A typical interaction with Cairngorm goes as follows:

  • User gesture
  • CairngormEventDispatcher
  • Command
  • Delegate
  • Service
  • Command (as Responder)
  • Model
  • View changes (through binding)

Generating Cairngorm Classes

As I mentioned in the discussion about tools, Cairngorm projects go a lot smoother with some code generation. Cairngen helps out by providing utility Ant tasks and template files to fit your project’s needs. Some of the tasks include those for generating the common Cairngorm directories in your Flex package structure, and those for generating a ModelLocator, ServiceLocator, and FrontController. These tasks are especially helpful at the beginning of a project, but not much after that. I find Cairngen most useful in generating what it terms a “sequence”: a CairngormEvent, a command, and possibly a delegate with similar names and a string constant on the event as a unique identifier to put into the FrontController to register the event to the command.

If you download Cairngen yourself, you’ll get a build.xml and project.properties file, and a config and template directory. I’ve moved the contents of that build.xml to our ui project build.xml: feel free to look that over, but we won’t need to change anything there.

I also renamed the project.properties file to cairngen.properties, but left the config and template directories as is.

Notice in Figure 17 that the templates directory contains just the templates for the different types of generation of Cairngorm 2.2 classes. You can modify those templates to fit the needs of your project (e.g., match the brace style your team uses, add comments, etc.).

anatomy13_fig17.jpg
Figure 17. Cairngen Files

The only configuration you need to do is inside the cairngen.properties (formerly project.properties) configuration file:

############################### FLEX BUILDER PROPERTIES 
root.dir       =./src/main/flex

################################# PROJECT PROPERTIES 
project.name   =Bookie
com.dir        =lcds
domain.dir     =examples
project.dir    =bookie
namespace      =${com.dir}.${domain.dir}.${project.dir}
project-uri    =${root.dir}/${com.dir}/${domain.dir}/${project.dir}

################################## SOURCE MANAGEMENT 
overwrite.existing.files =false

################################ CAIRNGORM PROPERTIES 
cairngorm.version  =2.2

################################# CREATING SEQUENCES 
sequence.name      =BooksChosen

################################### CREATING VOs 
vo.name            =HelloWorld

Here we tell Cairngen where the source goes, the name of the project, and information about the package structure. Here’s a list of the Cairngen tasks:

  • clean (remove all Cairngorm-standard directories and as well as the model, service locator, controller, sequence, and VO)

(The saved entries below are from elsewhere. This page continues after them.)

(* Let $T:\mathbb{N}_+\to\mathbb{N}_+$ with $T\in\Omega(n)$ be the halting function of some Turing machine (i.e. some Turing machine is a $T$-halter). Then there is an unbounded multiway system whose growth function has a pair of tight bounds $(a,b)$ with $a,b\in\mathcal{O}(T_*^{-1})$, where $T_*=L_{\mathbb{N}_+}\big(n\mapsto\sum_{k=1}^n T(k)\big)$.
   Context: A (string-based) multiway system is a triple $M=(R,s_{\text{init}},\Sigma)$ with $\Sigma$ a finite alphabet, $R$ a finite set of string replacement rules $r\to t$ ($r,t\in\Sigma^*$) and initial string $s_{\text{init}}\in\Sigma^*$. Its states graph has as vertices the strings reachable from $s_{\text{init}}$, with an edge $u\to v$ whenever $v$ arises from $u$ by replacing one occurrence of some rule's left side by its right side. The growth function $g_M(n)$ is the number of states at shortest-path distance $n-1$ from $s_{\text{init}}$. $M$ is finite if $g_M(n)=0$ for some $n$, bounded if not finite and $g_M$ bounded, unbounded otherwise. For an unbounded system with growth function $a$: $\overline{a}_n=\max\{a_k:k\le n\}$, $\underline{a}_n=\max(\{a_k:k\le n,\ \forall l\ge k: a_l\ge a_k\}\cup\{1\})$. For $h:\mathbb{N}_+\to\mathbb{N}_+$ and infinite $S\subseteq\mathbb{N}_+$, $L_S(h)$ is the polygonal chain from $(0,0)$ through the points $(n,h(n))$, $n\in S$, regarded as a continuous function $\mathbb{R}_{\ge0}\to\mathbb{R}_{\ge0}$. Continuous $f,g:\mathbb{R}_{\ge0}\to\mathbb{R}_{\ge0}$ are tight bounds of $a$ if $f\in\Theta(L_{\mathbb{N}_+}(\overline a))$ and $g\in\Theta(L_{\mathbb{N}_+}(\underline a))$. For $T:\mathbb{N}_+\to\mathbb{N}_+$, a $T$-halter is a deterministic Turing machine (blank symbol $0$, with symbol $1$ in its alphabet) which, when started in its start state on an otherwise blank tape containing $n$ in unary (a block of $n$ ones) with the head on the first one, executes exactly $T(n)$ operations and then halts, at which point the tape contains $n+1$ in unary, preceded and followed by at least one blank, with the head on or to the left of the first digit; $T$ is then called its halting function. $T_*^{-1}$ denotes the inverse of the (strictly increasing, unbounded) function $T_*$. *)

theory Defs
  imports Complex_Main "HOL-Library.Landau_Symbols" "HOL-Library.Infinite_Set"
begin

text \<open>A multiway system (R, s_init, Sigma); the alphabet is encoded as a finite
  set of natural numbers (any finite alphabet can be so encoded).\<close>

definition mw_valid :: "(nat list \<times> nat list) set \<Rightarrow> nat list \<Rightarrow> nat set \<Rightarrow> bool" where
  "mw_valid R s \<Sigma> \<longleftrightarrow> finite \<Sigma> \<and> finite R \<and> s \<in> lists \<Sigma> \<and>
     (\<forall>(r, t) \<in> R. r \<in> lists \<Sigma> \<and> t \<in> lists \<Sigma>)"

definition mw_step :: "(nat list \<times> nat list) set \<Rightarrow> (nat list \<times> nat list) set" where
  "mw_step R = {(u, v). \<exists>x y r t. (r, t) \<in> R \<and> u = x @ r @ y \<and> v = x @ t @ y}"

definition mw_layer :: "(nat list \<times> nat list) set \<Rightarrow> nat list \<Rightarrow> nat \<Rightarrow> nat list set" where
  "mw_layer R s k = {v. (s, v) \<in> mw_step R ^^ k \<and> (\<forall>j<k. (s, v) \<notin> mw_step R ^^ j)}"

text \<open>Growth function g(n) = number of states at distance n-1 (meaningful for n \<ge> 1).\<close>
definition mw_growth :: "(nat list \<times> nat list) set \<Rightarrow> nat list \<Rightarrow> nat \<Rightarrow> nat" where
  "mw_growth R s n = card (mw_layer R s (n - 1))"

definition mw_finite :: "(nat list \<times> nat list) set \<Rightarrow> nat list \<Rightarrow> bool" where
  "mw_finite R s \<longleftrightarrow> (\<exists>n\<ge>1. mw_growth R s n = 0)"

definition mw_bounded :: "(nat list \<times> nat list) set \<Rightarrow> nat list \<Rightarrow> bool" where
  "mw_bounded R s \<longleftrightarrow> \<not> mw_finite R s \<and> (\<exists>B. \<forall>n\<ge>1. mw_growth R s n \<le> B)"

definition mw_unbounded :: "(nat list \<times> nat list) set \<Rightarrow> nat list \<Rightarrow> bool" where
  "mw_unbounded R s \<longleftrightarrow> \<not> mw_finite R s \<and> \<not> mw_bounded R s"

definition upper_env :: "(nat \<Rightarrow> nat) \<Rightarrow> nat \<Rightarrow> nat" where
  "upper_env a n = Max {a k | k. 1 \<le> k \<and> k \<le> n}"

definition lower_env :: "(nat \<Rightarrow> nat) \<Rightarrow> nat \<Rightarrow> nat" where
  "lower_env a n = Max ({a k | k. 1 \<le> k \<and> k \<le> n \<and> (\<forall>l\<ge>k. a l \<ge> a k)} \<union> {1})"

text \<open>Polygonal chain from (0,0) through the points (n, h n), n \<in> S (S infinite
  subset of the positive integers), in increasing order of n.\<close>
definition Lchain :: "nat set \<Rightarrow> (nat \<Rightarrow> nat) \<Rightarrow> real \<Rightarrow> real" where
  "Lchain S h x =
     (let q = (\<lambda>i. if i = 0 then 0 else real (enumerate S (i - 1)));
          v = (\<lambda>i. if i = 0 then 0 else real (h (enumerate S (i - 1))));
          i = (LEAST i. x < q (Suc i))
      in v i + (v (Suc i) - v i) * (x - q i) / (q (Suc i) - q i))"

definition pos_nat :: "nat set" where
  "pos_nat = {n. 1 \<le> n}"

definition tight_bounds :: "(nat \<Rightarrow> nat) \<Rightarrow> (real \<Rightarrow> real) \<Rightarrow> (real \<Rightarrow> real) \<Rightarrow> bool" where
  "tight_bounds a f g \<longleftrightarrow>
     continuous_on {0..} f \<and> continuous_on {0..} g \<and>
     (\<forall>x\<ge>0. f x \<ge> 0) \<and> (\<forall>x\<ge>0. g x \<ge> 0) \<and>
     f \<in> \<Theta>(Lchain pos_nat (upper_env a)) \<and>
     g \<in> \<Theta>(Lchain pos_nat (lower_env a))"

  • create (create Cairngorm-standard directories; generate the model, controller, service locator, sequence, and VO)

  • create-cairngorm-directories (Cairngorm-standard directories)

  • create-front-controller

  • create-model-locator

  • create-sequence-exclude-delegate

  • create-sequence-include-delegate

  • create-service-locator

  • create-value-object

  • delete-cairngorm-directories

The tasks I end up using most are create-sequence-exclude-delegate and create-sequence-include-delegate. These tasks take the property called sequence.name from the properties file and generate an event called Event and a command called Command. The include-delegate version makes the command an IResponder (with a result and a fault method) and creates a Delegate class. This is for use with commands that are meant to call a service method. I usually move the generated delegate’s methods to a single consolidated delegate class.

Each time you want to generate a new sequence, you edit the properties file to add the name of the sequence you need, and then run the applicable Ant task.